In vitro mitochondrial-targeted antioxidant peptide induces apoptosis in cancer cells

Abstract

Introduction: Reactive oxygen species (ROS) are major contributors to cancer and involved in numerous tumor proliferation signaling pathways. Mitochondria are the major ROS-producing organelles, and ROS are produced from the synthesis of adenosine triphosphate and cell metabolism.

Methods: A novel mitochondria-targeted peptide, namely KRSH, was synthesized and characterized. KRSH consists of four amino acids; lysine and arginine contain positively charged groups that help KRSH target the mitochondria, while tyrosine and cysteine neutralize excessive endogenous ROS, thereby inhibiting tumorigenesis.

Results: The results indicated that KRSH is specifically inhibiting the growth of HeLa and MCF-7 cancer cell lines. However, MCF10A cells can resist the effects of KRSH even in a relative higher concentration. The dichloro-dihydro-fluorescein diacetate and MitoSOX^TM Red assay suggested that KRSH drastically decreased the level of ROS in cancer cells. The mitochondrial depolarization assay indicated that treatment with KRSH at a dose of 50 nM may decrease the mitochondrial membrane potential leading to apoptosis of HeLa and MCF-7 cells.

Conclusion: In other studies, investigating rat liver mitochondria, the uptake of KRSH may reach 80% compared with that for mitoquinone. Therefore, KRSH was designed as a superior peptide antioxidant and a mitochondria-targeting anticancer agent.

Keywords: ROS; anticancer; mitochondrial targeted; oxidative stress; reactive oxygen species.

Figure 1

The scheme of solid phase peptide synthesis with microwave-aided.

Figure 2

The analytical trace of the KRSH peptide and KRA (negative control) (A, B). Cell viability after treatment with the KRSH peptide at different doses (0–200 nM). The neutral red assay was employed to evaluate the survival rate of MCF10A, HeLa, and MCF-7 cells (C–E). *p<0.05 compared with control cells cultured in complete medium.

Figure 3

The levels of intracellular and mitochondrial ROS in different cell lines after treatment with KRA and the KRSH peptide for 24 h were detected using DCFH-DA and MitoSOX^TM, and counterstained with Hoechst stain.
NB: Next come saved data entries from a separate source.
(* Let $1\le k<n$ and $T\ge1$. Let $\mathcal{B}^n_{n-k}=\{w\in\mathbb{R}^n:\sum_iw_i=1,\ 0\le w_i\le\frac1{n-k}\}$. Run the following algorithm: start from $w_1\in\mathcal{B}^n_{n-k}$; at each $t$, write $w_t$ as a convex combination $\sum_jp_jr_j$ of corners $r_j$ of $\mathcal{B}^n_{n-k}$ (vectors with $n-k$ entries equal to $\frac1{n-k}$ and the rest $0$), sample $r=r_j$ with probability $p_j$, and select the subset $v_t=(n-k)r\in\{0,1\}^n$ of $n-k$ experts (so $\mathbb{E}[v_t]=(n-k)w_t$); then receive the loss vector $\ell_t\in[0,1]^n$ and update $$v'_{t+1,i}=\frac{w_{t,i}e^{-\eta\ell_{t,i}}}{\sum_jw_{t,j}e^{-\eta\ell_{t,j}}},\quad \hat w_{t+1,i}=\frac\alpha n+(1-\alpha)v'_{t+1,i},\quad w_{t+1}=\operatorname{argmin}_{w\in\mathcal{B}^n_{n-k}}d(w,\hat w_{t+1}),$$ where $d(q,w)=\sum_iq_i\ln(q_i/w_i)$. Suppose $L>0$ satisfies $\min_{q\in\mathcal{B}^n_{n-k}}\sum_{t=r}^s(n-k)q^\top\ell_t\le L$ for all $1\le r\le s\le T$, and set $\alpha=\frac1{T(n-k)+1}$, $D=(n-k)\ln(n(1+(n-k)T))+1$, $\eta=\ln(1+\sqrt{2D/L})$. Then $$\mathcal{R}_a^{\mathrm{subexp}}:=\max_{[r,s]\subset[1,T]}\Big\{\sum_{t=r}^s\mathbb{E}[v_t^\top\ell_t]-\min_{u\in\mathcal{S}_{\mathrm{vec}}}\sum_{t=r}^su^\top\ell_t\Big\}\le O(\sqrt{2LD}+D),$$ where $\mathcal{S}_{\mathrm{vec}}$ is the set of vectors in $\{0,1\}^n$ with exactly $n-k$ entries equal to $1$.
   Context: Here $\mathbb{E}[v_t^\top\ell_t]=(n-k)w_t^\top\ell_t$, and $\min_{u\in\mathcal{S}_{\mathrm{vec}}}\sum_t u^\top\ell_t=\min_{q\in\mathcal{B}^n_{n-k}}\sum_t(n-k)q^\top\ell_t$. $O(\cdot)$ hides an absolute constant. *)

theory Defs
  imports "HOL-Analysis.Analysis"
begin

text \<open>Vectors in R^n are functions nat => real, indices 0..n-1, zero outside.\<close>

definition capped_simplex :: "nat \<Rightarrow> nat \<Rightarrow> (nat \<Rightarrow> real) set" where
  "capped_simplex n m = {w. (\<Sum>i<n. w i) = 1 \<and> (\<forall>i<n. 0 \<le> w i \<and> w i \<le> 1 / real m)
                              \<and> (\<forall>i\<ge>n. w i = 0)}"

definition subset_vecs :: "nat \<Rightarrow> nat \<Rightarrow> (nat \<Rightarrow> real) set" where
  "subset_vecs n m = {u. (\<forall>i<n. u i = 0 \<or> u i = 1) \<and> (\<forall>i\<ge>n. u i = 0)
                          \<and> card {i. i < n \<and> u i = 1} = m}"

definition dotn :: "nat \<Rightarrow> (nat \<Rightarrow> real) \<Rightarrow> (nat \<Rightarrow> real) \<Rightarrow> real" where
  "dotn n a b = (\<Sum>i<n. a i * b i)"

definition kl_div :: "nat \<Rightarrow> (nat \<Rightarrow> real) \<Rightarrow> (nat \<Rightarrow> real) \<Rightarrow> real" where
  "kl_div n q w = (\<Sum>i<n. q i * ln (q i / w i))"

definition mixed_update :: "nat \<Rightarrow> real \<Rightarrow> real \<Rightarrow> (nat \<Rightarrow> real) \<Rightarrow> (nat \<Rightarrow> real) \<Rightarrow> (nat \<Rightarrow> real)" where
  "mixed_update n \<eta> \<alpha> w l = (\<lambda>i. \<alpha> / real n + (1 - \<alpha>) *
       (w i * exp (- \<eta> * l i) / (\<Sum>j<n. w j * exp (- \<eta> * l j))))"

definition is_run :: "nat \<Rightarrow> nat \<Rightarrow> nat \<Rightarrow> real \<Rightarrow> real \<Rightarrow> (nat \<Rightarrow> nat \<Rightarrow> real)
                      \<Rightarrow> (nat \<Rightarrow> nat \<Rightarrow> real) \<Rightarrow> bool" where
  "is_run n k T \<eta> \<alpha> l w \<longleftrightarrow>
     w 1 \<in> capped_simplex n (n - k) \<and>
     (\<forall>t. 1 \<le> t \<and> t < T \<longrightarrow>
        is_arg_min (\<lambda>q. kl_div n q (mixed_update n \<eta> \<alpha> (w t) (l t)))
                   (\<lambda>q. q \<in> capped_simplex n (n - k)) (w (t + 1)))"

text \<open>Expected loss of the sampled subset v_t: E[v_t . l_t] = (n-k) w_t . l_t.\<close>
definition expected_loss :: "nat \<Rightarrow> nat \<Rightarrow> (nat \<Rightarrow> real) \<Rightarrow> (nat \<Rightarrow> real) \<Rightarrow> real" where
  "expected_loss n k w l = real (n - k) * dotn n w l"

definition interval_regret :: "nat \<Rightarrow> nat \<Rightarrow> (nat \<Rightarrow> nat \<Rightarrow> real) \<Rightarrow> (nat \<Rightarrow> nat \<Rightarrow> real)
                               \<Rightarrow> nat \<Rightarrow> nat \<Rightarrow> real" where
  "interval_regret n k l w r s =
     (\<Sum>t=r..s. expected_loss n k (w t) (l t))
     - Min ((\<lambda>u. \<Sum>t=r..s. dotn n u (l t)) ` subset_vecs n (n - k))"

end

theory Submission
  imports Defs
begin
The levels of ROS in MCF-7 cells (A, B) and HeLa cells (C, D) decreased significantly after treatment with the KRSH peptide. *p<0.05 compared with control cells cultured in complete medium. Abbreviations: ROS, reactive oxygen species; DCFH-DA, 2′,7′-dichlorofluorescin diacetate.

Figure 4

Colony formation assay was performed on (A, B) HeLa cells and (A, C) MCF-7 cells after treatment with 50 nM KRA and the KRSH peptide for 24 h using the Giemsa stain. The results are expressed as the mean ± SD from at least three independent experiments. *p<0.05 compared with control cells cultured in complete medium. Abbreviation: SD, standard deviation.

Figure 5

EdU staining to detect cell proliferation after treatment with KRSH. (A) MCF-7 cells were treated with EdU for 6 h prior to click reaction, and the data analysis is displayed in the graph (B). The analysis was performed to calculate the signal intensity in EdU-positive cells based on individual DAPI signal. (C) The proliferation of HeLa cells after treatment with the peptide was also detected using the EdU reaction system after a 6-h incubation. The statistical analysis is displayed in the graph (D) using the same calculation. *p<0.05, compared with control cells cultured in complete medium, one-way ANOVA. Abbreviations: EdU, 5-ethynyl-2’-deoxyuridine; DAPI, 4′,6-diamidino-2-phenylindole; ANOVA, analysis of variance.

Figure 6

Cell apoptosis after incubation with 50 nM KRA and the KRSH peptide for 24 h. (A) Apoptosis in MCF-7 cells was distinguished through FITC-Annexin V coupled with PI staining. (B) The corresponding quantification of early and late apoptosis in MCF-7 cells. (C) Apoptosis in HeLa cells was determined using a flow cytometer, and the data analysis is displayed in (D). *p<0.05, compared with control cells cultured in complete medium, one-way ANOVA). Abbreviations: FITC, fluorescein isothiocyanate; ANOVA, analysis of variance.

Figure 7

Mitochondrial membrane depolarization was determined using the JC-1 probe. (A) Depolarization in MCF-7 cells was detected after incubation with the peptide using a flow cytometer. (B) Quantitative analysis of the shift of mitochondrial red fluorescence to green fluorescence among groups, indicating the depolarization of the mitochondrial membrane. (C, D) HeLa cells were examined and analyzed using the same procedure. *p<0.05, compared with control cells cultured in complete medium, one-way ANOVA. Abbreviation: ANOVA, analysis of variance.